How the passengers laughed at me! And how they made fun of me and asked me all sorts of questions just to hear me try to talk. It almost made me wish I could never see a human being again, so keen was the suffering and so tense were my nerves as a result of this work.
I don't believe I ever did anything that kept me in a more frenzied mental state than this work of trying to sell newspapers—and it wasn't very long (as I had expected) until the manager found out my situation and gently let me out.
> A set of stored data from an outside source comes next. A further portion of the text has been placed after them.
(* Let $\mathcal{D}=\mathcal{P}_{\mathcal{D}}\cup\mathcal{L}_{\mathcal{D}}$ be a minimal dominating set of the incidence graph of an arbitrary projective plane $\Pi_q$ of order $q$ with $|\mathcal{D}|<3q-1$. Suppose there is a point $P$ such that $|[P]\cap\mathcal{L}_{\mathcal{D}}|=q$, and let $\ell$ be the unique line of $[P]\setminus\mathcal{L}_{\mathcal{D}}$. Then $\mathcal{L}_{\mathcal{D}}=[P]\setminus\{\ell\}$ and $\mathcal{P}_{\mathcal{D}}$ is the set of points of $\ell$ other than $P$; hence $|\mathcal{D}|=2q$ and $\mathcal{D}$ is stable.
   Context: A dominating set $\mathcal{D}=\mathcal{P}_{\mathcal{D}}\cup\mathcal{L}_{\mathcal{D}}$ of the incidence graph of $\Pi_q$ is a set of points $\mathcal{P}_{\mathcal{D}}$ and lines $\mathcal{L}_{\mathcal{D}}$ such that every point not in $\mathcal{P}_{\mathcal{D}}$ lies on a line of $\mathcal{L}_{\mathcal{D}}$ and every line not in $\mathcal{L}_{\mathcal{D}}$ contains a point of $\mathcal{P}_{\mathcal{D}}$; minimal means no proper subset is dominating. $\mathcal{D}$ is stable if it is minimal and there is no dominating set $\mathcal{D}'\supset\mathcal{D}$ with $|\mathcal{D}'|=|\mathcal{D}|+1$ that contains a dominating set of size less than $|\mathcal{D}|$. $[P]$ is the set of lines through the point $P$. *)

theory Defs
  imports Main
begin

definition collinear3 :: "'p set \<Rightarrow> 'l set \<Rightarrow> ('p \<Rightarrow> 'l \<Rightarrow> bool) \<Rightarrow> 'p \<Rightarrow> 'p \<Rightarrow> 'p \<Rightarrow> bool" where
  "collinear3 Pts Lns I A B C \<longleftrightarrow> (\<exists>l\<in>Lns. I A l \<and> I B l \<and> I C l)"

definition proj_plane :: "'p set \<Rightarrow> 'l set \<Rightarrow> ('p \<Rightarrow> 'l \<Rightarrow> bool) \<Rightarrow> nat \<Rightarrow> bool" where
  "proj_plane Pts Lns I q \<longleftrightarrow>
     (\<forall>A\<in>Pts. \<forall>B\<in>Pts. A \<noteq> B \<longrightarrow> (\<exists>!l. l \<in> Lns \<and> I A l \<and> I B l)) \<and>
     (\<forall>l\<in>Lns. \<forall>m\<in>Lns. l \<noteq> m \<longrightarrow> (\<exists>!A. A \<in> Pts \<and> I A l \<and> I A m)) \<and>
     (\<exists>A\<in>Pts. \<exists>B\<in>Pts. \<exists>C\<in>Pts. \<exists>E\<in>Pts. distinct [A, B, C, E] \<and>
        \<not> collinear3 Pts Lns I A B C \<and> \<not> collinear3 Pts Lns I A B E \<and>
        \<not> collinear3 Pts Lns I A C E \<and> \<not> collinear3 Pts Lns I B C E) \<and>
     (\<forall>l\<in>Lns. finite {A\<in>Pts. I A l} \<and> card {A\<in>Pts. I A l} = q + 1)"
(* Let $K$ be a field of characteristic $0$, $e\ge2$, $A,B\in M_e(K)$ and $d\in(\mathbb{Z}/e\mathbb{Z})^\times$. Then $\mathrm{Char}_X(B\overset{d}{\ast}A)=\mathrm{Char}_X(A\overset{d^{-1}}{\ast}B)$, where $\mathrm{Char}_X$ denotes the characteristic polynomial.
   Context: For $A=[a_{i,j}],B=[b_{i,j}]\in M_e(K)$ (indices modulo $e$) and $d\in(\mathbb{Z}/e\mathbb{Z})\setminus\{0\}$, the $d$-composition is $A\overset{d}{\ast}B=\big[\sum_{s=0}^{e-1}\sum_{t=0}^{e-1}a_{s,t}b_{ds+i,dt+j}\big]_{0\le i,j\le e-1}$. *)

theory Defs
  imports "Jordan_Normal_Form.Char_Poly" "HOL-Number_Theory.Cong"
begin

text \<open>d-composition of two e x e matrices, indices taken modulo e;
  d is a natural-number representative of a residue class mod e.\<close>
definition dcomp :: "nat \<Rightarrow> nat \<Rightarrow> 'a::comm_ring_1 mat \<Rightarrow> 'a mat \<Rightarrow> 'a mat" where
  "dcomp e d A B = mat e e (\<lambda>(i,j).
     \<Sum>s<e. \<Sum>t<e. A $$ (s,t) * B $$ ((d*s+i) mod e, (d*t+j) mod e))"

end

theory Submission
  imports Defs
begin

(* Substituting u = d s + i and v = d t + j, which permute Z/eZ because d is a unit, in the
   double sum defining B *_d A shows that its (i, j) entry is the (-d' i, -d' j) entry of
   A *_d' B. Hence the two compositions differ by the same permutation of rows and of columns,
   i.e. they are conjugate by a permutation matrix and have the same characteristic polynomial. *)

lemma cong_inverse_imp_coprime:
  fixes d d' e :: nat
  assumes "[d * d' = 1] (mod e)"
  shows "coprime d e"
  unfolding coprime_iff_invertible_nat One_nat_def [symmetric]
  using assms by blast

lemma mod_affine_bij_betw:
  fixes d e i :: nat
  assumes "coprime d e"
  shows "bij_betw (\<lambda>s. (d * s + i) mod e) {..<e} {..<e}"
proof -
  have "inj_on (\<lambda>s. (d * s + i) mod e) {..<e}"
  proof (rule inj_onI)
    fix s t
    assume s: "s \<in> {..<e}" and t: "t \<in> {..<e}"
      and "(d * s + i) mod e = (d * t + i) mod e"
    then have "[d * s = d * t] (mod e)"
      by (simp add: cong_def [symmetric] cong_add_rcancel_nat)
    then have "[s = t] (mod e)"
      using assms by (simp add: cong_mult_lcancel_nat)
    then show "s = t"
      using s t by (simp add: cong_less_modulus_unique_nat)
  qed
  moreover have "(\<lambda>s. (d * s + i) mod e) ` {..<e} \<subseteq> {..<e}"
    by auto
  ultimately show ?thesis
    by (simp add: bij_betw_def endo_inj_surj)
qed

lemma sum_mod_affine_reindex:
  fixes d e i :: nat
  assumes "coprime d e"
  shows "(\<Sum>s<e. f ((d * s + i) mod e)) = (\<Sum>u<e. f u)"
  using sum.reindex_bij_betw [OF mod_affine_bij_betw [OF assms]] .

lemma sum2_mod_affine_reindex:
  fixes d e i j :: nat
  assumes "coprime d e"
  shows "(\<Sum>s<e. \<Sum>t<e. f ((d * s + i) mod e) ((d * t + j) mod e)) = (\<Sum>u<e. \<Sum>v<e. f u v)"
  using sum_mod_affine_reindex [OF assms, of "\<lambda>u. \<Sum>v<e. f u v"]
  by (simp add: sum_mod_affine_reindex [OF assms])

lemma mod_affine_inverse:
  fixes d d' e i k s :: nat
  assumes "[d * d' = 1] (mod e)" and "[k + d' * i = 0] (mod e)" and "s < e"
  shows "(d' * ((d * s + i) mod e) + k) mod e = s"
proof -
  have "[d' * ((d * s + i) mod e) + k = d' * (d * s + i) + k] (mod e)"
    by (intro cong_add cong_mult cong_refl) (simp add: cong_def)
  also have "d' * (d * s + i) + k = (d * d') * s + (k + d' * i)"
    by (simp add: algebra_simps)
  also have "[(d * d') * s + (k + d' * i) = 1 * s + 0] (mod e)"
    using assms(1,2) by (intro cong_add cong_mult cong_refl)
  finally show ?thesis
    using assms(3) by (simp add: cong_def)
qed

definition perm_mat :: "nat \<Rightarrow> (nat \<Rightarrow> nat) \<Rightarrow> 'a::comm_ring_1 mat" where
  "perm_mat n \<sigma> = mat n n (\<lambda>(i, j). of_bool (\<sigma> i = j))"

lemma perm_mat_carrier [simp]: "perm_mat n \<sigma> \<in> carrier_mat n n"
  by (simp add: perm_mat_def)

lemma perm_mat_mult:
  assumes "M \<in> carrier_mat n m" and "\<And>i. i < n \<Longrightarrow> \<sigma> i < n"
  shows "perm_mat n \<sigma> * M = mat n m (\<lambda>(i, k). M $$ (\<sigma> i, k))"
  using assms by (intro eq_matI) (auto simp: perm_mat_def scalar_prod_def)

lemma mult_perm_mat_inv_into:
  assumes "M \<in> carrier_mat m n" and \<sigma>: "bij_betw \<sigma> {..<n} {..<n}"
  shows "M * perm_mat n (inv_into {..<n} \<sigma>) = mat m n (\<lambda>(i, l). M $$ (i, \<sigma> l))"
proof (rule eq_matI)
  fix i l
  assume "i < dim_row (mat m n (\<lambda>(i, l). M $$ (i, \<sigma> l)))"
    and "l < dim_col (mat m n (\<lambda>(i, l). M $$ (i, \<sigma> l)))"
  then have i: "i < m" and l: "l < n"
    by auto
  have "{0..<n} \<inter> {k. inv_into {..<n} \<sigma> k = l} = {\<sigma> l}"
    using \<sigma> l by (auto simp: bij_betw_inv_into_left bij_betw_inv_into_right dest: bij_betwE)
  then show "(M * perm_mat n (inv_into {..<n} \<sigma>)) $$ (i, l)
    = mat m n (\<lambda>(i, l). M $$ (i, \<sigma> l)) $$ (i, l)"
    using assms(1) i l by (simp add: perm_mat_def scalar_prod_def)
qed (use assms in \<open>auto simp: perm_mat_def\<close>)

lemma similar_mat_perm:
  fixes C D :: "'a::comm_ring_1 mat"
  assumes C: "C \<in> carrier_mat n n" and D: "D \<in> carrier_mat n n"
    and \<sigma>: "bij_betw \<sigma> {..<n} {..<n}"
    and CD: "\<And>i j. i < n \<Longrightarrow> j < n \<Longrightarrow> C $$ (i, j) = D $$ (\<sigma> i, \<sigma> j)"
  shows "similar_mat C D"
proof -
  define \<tau> where "\<tau> = inv_into {..<n} \<sigma>"
  have \<tau>: "bij_betw \<tau> {..<n} {..<n}"
    using \<sigma> by (simp add: \<tau>_def bij_betw_inv_into)
  have \<sigma>_less: "\<sigma> i < n" and \<tau>_less: "\<tau> i < n" if "i < n" for i
    using \<sigma> \<tau> that by (auto dest: bij_betwE)
  define P :: "'a mat" where "P = perm_mat n \<sigma>"
  define Q :: "'a mat" where "Q = perm_mat n \<tau>"
  have "P * Q = mat n n (\<lambda>(i, k). Q $$ (\<sigma> i, k))"
    unfolding P_def by (rule perm_mat_mult [OF _ \<sigma>_less]) (simp add: Q_def)
  also have "\<dots> = 1\<^sub>m n"
    using \<sigma> \<sigma>_less by (intro eq_matI) (auto simp: Q_def perm_mat_def \<tau>_def bij_betw_inv_into_left)
  finally have PQ: "P * Q = 1\<^sub>m n" .
  have "Q * P = mat n n (\<lambda>(i, k). P $$ (\<tau> i, k))"
    unfolding Q_def by (rule perm_mat_mult [OF _ \<tau>_less]) (simp add: P_def)
  also have "\<dots> = 1\<^sub>m n"
    using \<sigma> \<tau>_less by (intro eq_matI) (auto simp: P_def perm_mat_def \<tau>_def bij_betw_inv_into_right)
  finally have QP: "Q * P = 1\<^sub>m n" .
  have "P * D * Q = mat n n (\<lambda>(i, k). D $$ (\<sigma> i, k)) * perm_mat n \<tau>"
    by (simp add: P_def Q_def perm_mat_mult [OF D \<sigma>_less])
  also have "\<dots> = mat n n (\<lambda>(i, l). mat n n (\<lambda>(i, k). D $$ (\<sigma> i, k)) $$ (i, \<sigma> l))"
    unfolding \<tau>_def by (rule mult_perm_mat_inv_into [OF _ \<sigma>]) simp
  also have "\<dots> = C"
    using C \<sigma>_less CD by (intro eq_matI) auto
  finally have "C = P * D * Q" ..
  with C D PQ QP show ?thesis
    by (intro similar_matI [of C D P Q n]) (auto simp: P_def Q_def)
qed

lemma dcomp_swap_entry:
  fixes A B :: "'a::comm_ring_1 mat" and e d d' i j :: nat
  assumes inv: "[d * d' = 1] (mod e)" and "i < e" and "j < e"
  shows "dcomp e d B A $$ (i, j)
    = dcomp e d' A B $$ ((e - 1) * d' * i mod e, (e - 1) * d' * j mod e)"
proof -
  \<comment> \<open>\<open>(e - 1) * d'\<close> represents \<open>-d'\<close> modulo \<open>e\<close>\<close>
  define \<sigma> where "\<sigma> k = (e - 1) * d' * k mod e" for k
  have "[\<sigma> k + d' * k = 0] (mod e)" for k
  proof -
    have "(e - 1) * d' * k + d' * k = e * (d' * k)"
      using \<open>i < e\<close> by (cases e) (simp_all add: algebra_simps)
    then show ?thesis
      by (simp add: \<sigma>_def cong_def mod_add_left_eq)
  qed
  then have undo: "(d' * ((d * s + k) mod e) + \<sigma> k) mod e = s" if "s < e" for s k
    using mod_affine_inverse [OF inv _ that] by blast
  have "dcomp e d' A B $$ (\<sigma> i, \<sigma> j)
      = (\<Sum>u<e. \<Sum>v<e. A $$ (u, v) * B $$ ((d' * u + \<sigma> i) mod e, (d' * v + \<sigma> j) mod e))"
    using \<open>i < e\<close> by (simp add: dcomp_def \<sigma>_def)
  also have "\<dots> = (\<Sum>s<e. \<Sum>t<e. A $$ ((d * s + i) mod e, (d * t + j) mod e)
      * B $$ ((d' * ((d * s + i) mod e) + \<sigma> i) mod e, (d' * ((d * t + j) mod e) + \<sigma> j) mod e))"
    by (rule sum2_mod_affine_reindex [OF cong_inverse_imp_coprime [OF inv], symmetric])
  also have "\<dots> = dcomp e d B A $$ (i, j)"
    using assms by (simp add: dcomp_def undo) (simp add: mult.commute)
  finally show ?thesis
    by (simp add: \<sigma>_def)
qed

lemma dcomp_swap_similar:
  fixes A B :: "'a::comm_ring_1 mat" and e d d' :: nat
  assumes "e > 0" and inv: "[d * d' = 1] (mod e)"
  shows "similar_mat (dcomp e d B A) (dcomp e d' A B)"
proof (rule similar_mat_perm [where \<sigma> = "\<lambda>k. (e - 1) * d' * k mod e"])
  have "coprime (e - 1) e"
    using \<open>e > 0\<close> coprime_Suc_left_nat [of "e - 1"] by (simp add: coprime_commute)
  moreover have "coprime d' e"
    using inv by (intro cong_inverse_imp_coprime [of d' d]) (simp add: mult.commute)
  ultimately have "coprime ((e - 1) * d') e"
    by simp
  from mod_affine_bij_betw [OF this, of 0]
  show "bij_betw (\<lambda>k. (e - 1) * d' * k mod e) {..<e} {..<e}"
    by simp
next
  fix i j
  assume "i < e" and "j < e"
  then show "dcomp e d B A $$ (i, j)
    = dcomp e d' A B $$ ((e - 1) * d' * i mod e, (e - 1) * d' * j mod e)"
    by (rule dcomp_swap_entry [OF inv])
qed (simp_all add: dcomp_def)

theorem corollary3p2:
  fixes A B :: "'a::field_char_0 mat" and e d d' :: nat
  assumes "e \<ge> 2"
    and "A \<in> carrier_mat e e" and "B \<in> carrier_mat e e"
    and "[d * d' = 1] (mod e)"
  shows "char_poly (dcomp e d B A) = char_poly (dcomp e d' A B)"
  \<comment> \<open>\<open>dcomp\<close> always yields \<open>e \<times> e\<close> matrices\<close>
  using assms(1,4) by (intro char_poly_similar dcomp_swap_similar) simp_all

end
Then I gave up, all at once. Was I discouraged? Well, perhaps. But not exactly discouraged. Rather I saw the plain hopelessness of trying to get or hold a job in my condition. So I prepared to go home. I didn't want to do it, because I knew the neighbors and friends round about would be ready for me with, "I told you so" and "I knew it couldn't be done" and a lot of gratuitous information like that.
But I gave up, nevertheless, deeply disappointed to think that once again I had failed to be cured of stammering, yet all the while resolving just as firmly as ever that I would try again and that I would never give up hope as long as there remained anything for me to do.
And this rule I followed out, month after month and year after year, until in the end I was richly rewarded for my patience and persistence.
CHAPTER V
FURTHER FUTILE ATTEMPTS TO BE CURED
The next summer I decided to visit eastern institutions for the cure of stammering and determine if these could do any more for me than had already been done-which as the reader has seen, was practically nothing. I bought a ticket for Philadelphia, where I remained for some time, and where I gained more information of value than in all of my previous efforts combined.
I found in the Quaker City an old man who had made speech defects almost a life study. He knew more about the true principles of speech and the underlying fundamentals in the production of voice than all of the rest put together. He taught me these things, and gave me a solid foundation on which to build. True, he did not cure my stammering. But that was not because he failed to understand its cause, but merely because he had not worked out the correct method of removing the cause.